NewFoS drives innovation through its seed research program for possibility-driven research. Our aim is to invest in promising new TA research directions, where seed-level support sprouts new ideas in underexplored TA application areas and ultimately defines new problem-driven research projects.
We explore opportunities in biomedical engineering and medical sciences to create possibilities for better diagnostics, precision and safer drug delivery, and the therapeutic effects of sound. The seed program serves as a mechanism to dynamically evolve the NewFoS research portfolio for maximal societal impacts.
2023-2024 Possibility-driven project:
Topological Biological Signals
MPI: Minkyu Kim (University of Arizona) and Xiaoyun Ding (University of Colorado, Bolder).
Prolonged exposure to noise is a major environment-related cause of ill health, including cardiovascular diseases.
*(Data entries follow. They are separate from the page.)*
(* Let $n\in\mathbb{N}=\{1,2,\dots\}$, $0\le i\le n-1$ and $\alpha,\beta>-1$. Let $t_1<\dots<t_n$ be the zeros of $P_n^{(\alpha,\beta)}$, and let $n_0\in\{0,1,\dots,n\}$ be such that $0\in[t_{n_0},t_{n_0+1})$, with the conventions $t_0=-1$, $t_{n+1}=1$. Write $$A_m:=\sum_{k=0}^i\frac{2^{k+2}\Gamma(n+\alpha+\beta+1)}{\Gamma(n+k+\alpha+\beta+2)}\frac{t_m^{i-k}}{(i-k)!}p_{n-1-k}^{(\alpha+1+k,\beta+1+k)}(t_m).$$ (i) If $i$ is even, then $$\int_{-1}^1\frac{|t|^i}{i!}|p_n^{(\alpha,\beta)}(t)|\,dt=\sum_{m=1}^n(-1)^{m+n}A_m.$$ (ii) If $i$ is odd, then $$\int_{-1}^1\frac{|t|^i}{i!}|p_n^{(\alpha,\beta)}(t)|\,dt=\sum_{m=1}^{n_0}(-1)^{m+n+1}A_m+(-1)^{n_0+n}\frac{2^{i+2}\Gamma(n+\alpha+\beta+1)}{\Gamma(n+i+\alpha+\beta+2)}p_{n-1-i}^{(\alpha+1+i,\beta+1+i)}(0)+\sum_{m=n_0+1}^n(-1)^{m+n}A_m.$$
   Context: The Jacobi polynomials are $P_n^{(\alpha,\beta)}(t)=\sum_{j=0}^n\frac{1}{2^n}\binom{n+\alpha}{n-j}\binom{n+\beta}{j}(t-1)^j(t+1)^{n-j}$; for $\alpha,\beta>-1$ their zeros are real, simple and lie in $(-1,1)$. The Jacobi functions on $(-1,1)$ are $p_n^{(\alpha,\beta)}(t)=\frac{(2n+\alpha+\beta+1)\Gamma(n+\alpha+\beta+1)\,n!}{2^{\alpha+\beta+1}\Gamma(n+\alpha+1)\Gamma(n+\beta+1)}(1-t)^{\alpha}(1+t)^{\beta}P_n^{(\alpha,\beta)}(t)$. *)

theory Defs
  imports "HOL-Analysis.Analysis"
begin

definition jacobiP :: "nat \<Rightarrow> real \<Rightarrow> real \<Rightarrow> real \<Rightarrow> real" where
  "jacobiP n a b t =
     (\<Sum>j=0..n. (1 / 2 ^ n) * ((real n + a) gchoose (n - j)) * ((real n + b) gchoose j)
        * (t - 1) ^ j * (t + 1) ^ (n - j))"

definition jacobi_fun :: "nat \<Rightarrow> real \<Rightarrow> real \<Rightarrow> real \<Rightarrow> real" where
  "jacobi_fun n a b t =
     ((2 * real n + a + b + 1) * Gamma (real n + a + b + 1) * fact n
       / (2 powr (a + b + 1) * Gamma (real n + a + 1) * Gamma (real n + b + 1)))
     * (1 - t) powr a * (1 + t) powr b * jacobiP n a b t"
Exposure to sound has also therapeutic virtues. The therapeutic and ill-health effects of sound on biological processes are essentially unknown or speculative. This seed project is investigating the effect of sound irradiation on intercellular Ca2+ signals in tissues composed of endothelial cells with an emphasis on time reversal and parity symmetry breaking. Ca2+ is a universal messenger and mediates dynamics in cell functions.
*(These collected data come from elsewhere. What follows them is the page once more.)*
lemma Q_matrix_quadratic_form:
  fixes A :: "real^'m^'m"
  assumes symA: "transpose A = A"
  shows "join3 x y z \<bullet> (Q_matrix A b kn1 kn2 kn3 *v join3 x y z)
    = - kn2 * ((A *v x) \<bullet> (A *v x)) - b * kn2 * (x \<bullet> (A *v y)) + kn3 * (x \<bullet> y)
      + b * kn2 * (x \<bullet> (A *v z)) + kn2 * (y \<bullet> (A *v y)) - b * kn1 * (y \<bullet> y)
      + b * kn1 * (y \<bullet> z) - z \<bullet> (A *v z)"
proof -
  have "y \<bullet> (A *v x) = x \<bullet> (A *v y)" and "x \<bullet> (A *v (A *v x)) = (A *v x) \<bullet> (A *v x)"
    using symmetric_matrix_inner_commute[OF symA] by (simp_all add: inner_commute)
  then show ?thesis
    unfolding Q_matrix_def inner_msym matrix_vector_mul_assoc[symmetric] block3_mult_join3
    by (simp add: inner_join3 matrix_vector_mult_add_rdistrib matrix_vector_right_distrib
        matrix_vector_mult_scaleR scaleR_matrix_vector_assoc[symmetric] matrix_vector_mult_uminus
        inner_add_right inner_diff_right algebra_simps)
qed

lemma Q_matrix_quadratic_form_le:
  fixes A :: "real^'m^'m"
  assumes symA: "transpose A = A"
    and lower: "\<And>w. phi1 * (w \<bullet> w) \<le> w \<bullet> (A *v w)"
    and upper: "\<And>w. w \<bullet> (A *v w) \<le> phiM * (w \<bullet> w)"
    and nonneg: "0 \<le> b" "0 \<le> kn1" "0 \<le> kn2" "0 \<le> kn3"
    and b_le: "b \<le> 2 * phi1" and kn3_le: "kn3 \<le> b * kn2 * phi1" and bkn2_le: "b * kn2 \<le> 2"
  shows "join3 x y z \<bullet> (Q_matrix A b kn1 kn2 kn3 *v join3 x y z)
    \<le> kn2 * phi1 * (b - phi1) * (x \<bullet> x)
      + (kn2 * phiM * (1 + b / 2) - b * kn1 / 2) * (y \<bullet> y)
      + (phi1 * (b * kn2 / 2 - 1) + b * kn1 / 2) * (z \<bullet> z)"
proof -
  have sym_bkn2A: "transpose ((b * kn2) *\<^sub>R A) = (b * kn2) *\<^sub>R A"
    by (simp add: symA transpose_scalar)
  have psd_bkn2A: "c * (w \<bullet> w) \<le> w \<bullet> ((b * kn2) *\<^sub>R A *v w)"
    if "c \<le> b * kn2 * phi1" for c w
  proof -
    have "c * (w \<bullet> w) \<le> b * kn2 * phi1 * (w \<bullet> w)"
      using that by (simp add: mult_right_mono)
    also have "\<dots> \<le> b * kn2 * (w \<bullet> (A *v w))"
      using mult_left_mono[OF lower[of w], of "b * kn2"] nonneg by (simp add: mult.assoc)
    finally show ?thesis by (simp add: scaleR_matrix_vector_assoc[symmetric])
  qed
  have xy: "2 * (kn3 * (x \<bullet> y) - b * kn2 * (x \<bullet> (A *v y)))
      \<le> b * kn2 * (x \<bullet> (A *v x)) - kn3 * (x \<bullet> x) + b * kn2 * (y \<bullet> (A *v y)) - kn3 * (y \<bullet> y)"
    using quadratic_form_cross_term_le[OF sym_bkn2A psd_bkn2A, of kn3 x y] kn3_le
    by (simp add: scaleR_matrix_vector_assoc[symmetric])
  have xz: "2 * (b * kn2 * (x \<bullet> (A *v z))) \<le> b * kn2 * (x \<bullet> (A *v x)) + b * kn2 * (z \<bullet> (A *v z))"
    using quadratic_form_cross_term_le[OF sym_bkn2A psd_bkn2A, of 0 x "- z"] kn3_le nonneg
    by (simp add: scaleR_matrix_vector_assoc[symmetric] matrix_vector_mult_uminus)
  have yz: "2 * (b * kn1 * (y \<bullet> z)) \<le> b * kn1 * (y \<bullet> y) + b * kn1 * (z \<bullet> z)"
  proof -
    have "2 * (y \<bullet> z) \<le> y \<bullet> y + z \<bullet> z"
      using inner_ge_zero[of "y - z"] by (simp add: inner_diff_left inner_diff_right inner_commute)
    then have "b * kn1 * (2 * (y \<bullet> z)) \<le> b * kn1 * (y \<bullet> y + z \<bullet> z)"
      using nonneg by (simp add: mult_left_mono)
    then show ?thesis by (simp add: algebra_simps)
  qed
  have xx: "kn2 * (phi1 * (phi1 - b) * (x \<bullet> x))
      \<le> kn2 * ((A *v x) \<bullet> (A *v x) - b * (x \<bullet> (A *v x)))"
    using matrix_vector_inner_self_lower_bound[OF lower b_le] nonneg
    by (simp add: mult_left_mono)
  have yy: "kn2 * (1 + b / 2) * (y \<bullet> (A *v y)) \<le> kn2 * (1 + b / 2) * (phiM * (y \<bullet> y))"
    using upper[of y] nonneg by (simp add: mult_left_mono)
  have zz: "(1 - b * kn2 / 2) * (phi1 * (z \<bullet> z)) \<le> (1 - b * kn2 / 2) * (z \<bullet> (A *v z))"
    using lower[of z] bkn2_le by (simp add: mult_left_mono)
  have "0 \<le> kn3 * (x \<bullet> x)" "0 \<le> kn3 * (y \<bullet> y)"
    using nonneg by simp_all
  with xy xz yz xx yy zz show ?thesis
    unfolding Q_matrix_quadratic_form[OF symA] by (simp add: algebra_simps)
qed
Video: Calcium Wave Propagation from Mechanical Stimulation
2024-2025 Possibility-driven projects:
- Implementing Neuromorphic Protocol Using Phi-bits Data.
PI: Xiaodong Yan, Assistant Professor, Department of Materials Science and Engineering, University of Arizona.
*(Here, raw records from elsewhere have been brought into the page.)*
lemma dyadic_cell_split:
  "dyadic_cell N a = (\<Union>i<(2::nat) ^ e. dyadic_cell (N + e) (a * 2 ^ e + int i))"
proof -
  have "x \<in> dyadic_cell N a \<longleftrightarrow> (\<exists>i<(2::nat) ^ e. x \<in> dyadic_cell (N + e) (a * 2 ^ e + int i))"
    for x
  proof -
    define c where "c = \<lceil>x * 2 ^ (N + e)\<rceil>"
    have "x * 2 ^ N = x * 2 ^ (N + e) / 2 ^ e"
      by (simp add: power_add)
    then have "\<lceil>x * 2 ^ N\<rceil> = \<lceil>of_int c / (2 ^ e :: real)\<rceil>"
      using ceiling_divide_ceiling[of "2 ^ e" "x * 2 ^ (N + e)"] by (simp add: c_def)
    also have "\<dots> = a + 1 \<longleftrightarrow>
        real_of_int (a * 2 ^ e) < of_int c \<and> of_int c \<le> real_of_int (a * 2 ^ e + 2 ^ e)"
      by (simp add: ceiling_eq_iff field_simps)
    finally have "x \<in> dyadic_cell N a \<longleftrightarrow> a * 2 ^ e < c \<and> c \<le> a * 2 ^ e + 2 ^ e"
      by (simp only: mem_dyadic_cell_iff_ceiling of_int_less_iff of_int_le_iff)
    also have "\<dots> \<longleftrightarrow> (\<exists>i<(2::nat) ^ e. c = a * 2 ^ e + int i + 1)"
    proof
      assume "a * 2 ^ e < c \<and> c \<le> a * 2 ^ e + 2 ^ e"
      then show "\<exists>i<(2::nat) ^ e. c = a * 2 ^ e + int i + 1"
        by (intro exI[of _ "nat (c - 1 - a * 2 ^ e)"]) (auto simp: nat_less_iff)
    next
      assume "\<exists>i<(2::nat) ^ e. c = a * 2 ^ e + int i + 1"
      then obtain i where "i < 2 ^ e" "c = a * 2 ^ e + int i + 1"
        by blast
      then show "a * 2 ^ e < c \<and> c \<le> a * 2 ^ e + 2 ^ e"
        by (simp add: add1_zle_eq)
    qed
    finally show ?thesis
      by (simp add: mem_dyadic_cell_iff_ceiling c_def add.commute)
  qed
  then show ?thesis
    by blast
qed

lemma dyadic_cells_nested:
  assumes "n \<le> n'"
  shows "dyadic_cell n k \<inter> dyadic_cell n' k' = {} \<or> dyadic_cell n' k' \<subseteq> dyadic_cell n k"
proof -
  obtain e where n': "n' = n + e"
    using assms le_Suc_ex by blast
  have "dyadic_cell n' k' \<subseteq> dyadic_cell n k"
    if x: "x \<in> dyadic_cell n k" "x \<in> dyadic_cell n' k'" for x
  proof -
    from x(1) obtain i where i: "i < 2 ^ e" "x \<in> dyadic_cell n' (k * 2 ^ e + int i)"
      using dyadic_cell_split[of n k e] unfolding n' by blast
    then have "k' = k * 2 ^ e + int i"
      using dyadic_cell_unique[OF x(2)] by blast
    then show ?thesis
      using i(1) dyadic_cell_split[of n k e] unfolding n' by blast
  qed
  then show ?thesis
    by blast
qed

text \<open>Unlike the intervals \<open>dyad_int n k\<close>, the cells of a level cover the whole real line, so
  that the fine cells generate the Borel sets.\<close>

definition fine_dyadic_cells :: "nat \<Rightarrow> real set set" where
  "fine_dyadic_cells N = insert {} {dyadic_cell n k | n k. N \<le> n}"

lemma Int_stable_fine_dyadic_cells: "Int_stable (fine_dyadic_cells N)"
proof (rule Int_stableI)
  fix X Y assume "X \<in> fine_dyadic_cells N" "Y \<in> fine_dyadic_cells N"
  then consider "X = {} \<or> Y = {}"
    | n k n' k' where "X = dyadic_cell n k" "Y = dyadic_cell n' k'" "N \<le> n" "N \<le> n'"
    unfolding fine_dyadic_cells_def by blast
  then show "X \<inter> Y \<in> fine_dyadic_cells N"
  proof cases
    case 2
    then have "X \<inter> Y = {} \<or> X \<inter> Y = X \<or> X \<inter> Y = Y"
      using dyadic_cells_nested[of n n' k k'] dyadic_cells_nested[of n' n k' k]
      by (cases "n \<le> n'") auto
    then show ?thesis
      using 2 unfolding fine_dyadic_cells_def by blast
  qed (auto simp: fine_dyadic_cells_def)
qed

lemma fine_dyadic_cells_borel: "fine_dyadic_cells N \<subseteq> sets borel"
  unfolding fine_dyadic_cells_def by auto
a) Phi-bit-based neural networks (PBNNs), b) A mathematical neural network, including input/hidden/output layers, the connections between each layer, illustrating the data flow and processing.
- Image based optoacoustic tweezers for versatile manipulation and dynamic pattern of particles.
MPI: Xiaoyun Ding, University of Colorado Boulder, Yuebing Zheng, The University of Texas at Austin and Andrea Alù, The City College of New York.

(a) Photoconductivity comparison with and without light illumination. (b) schematic setup of the OAT system for dynamic manipulation and patterning of particles.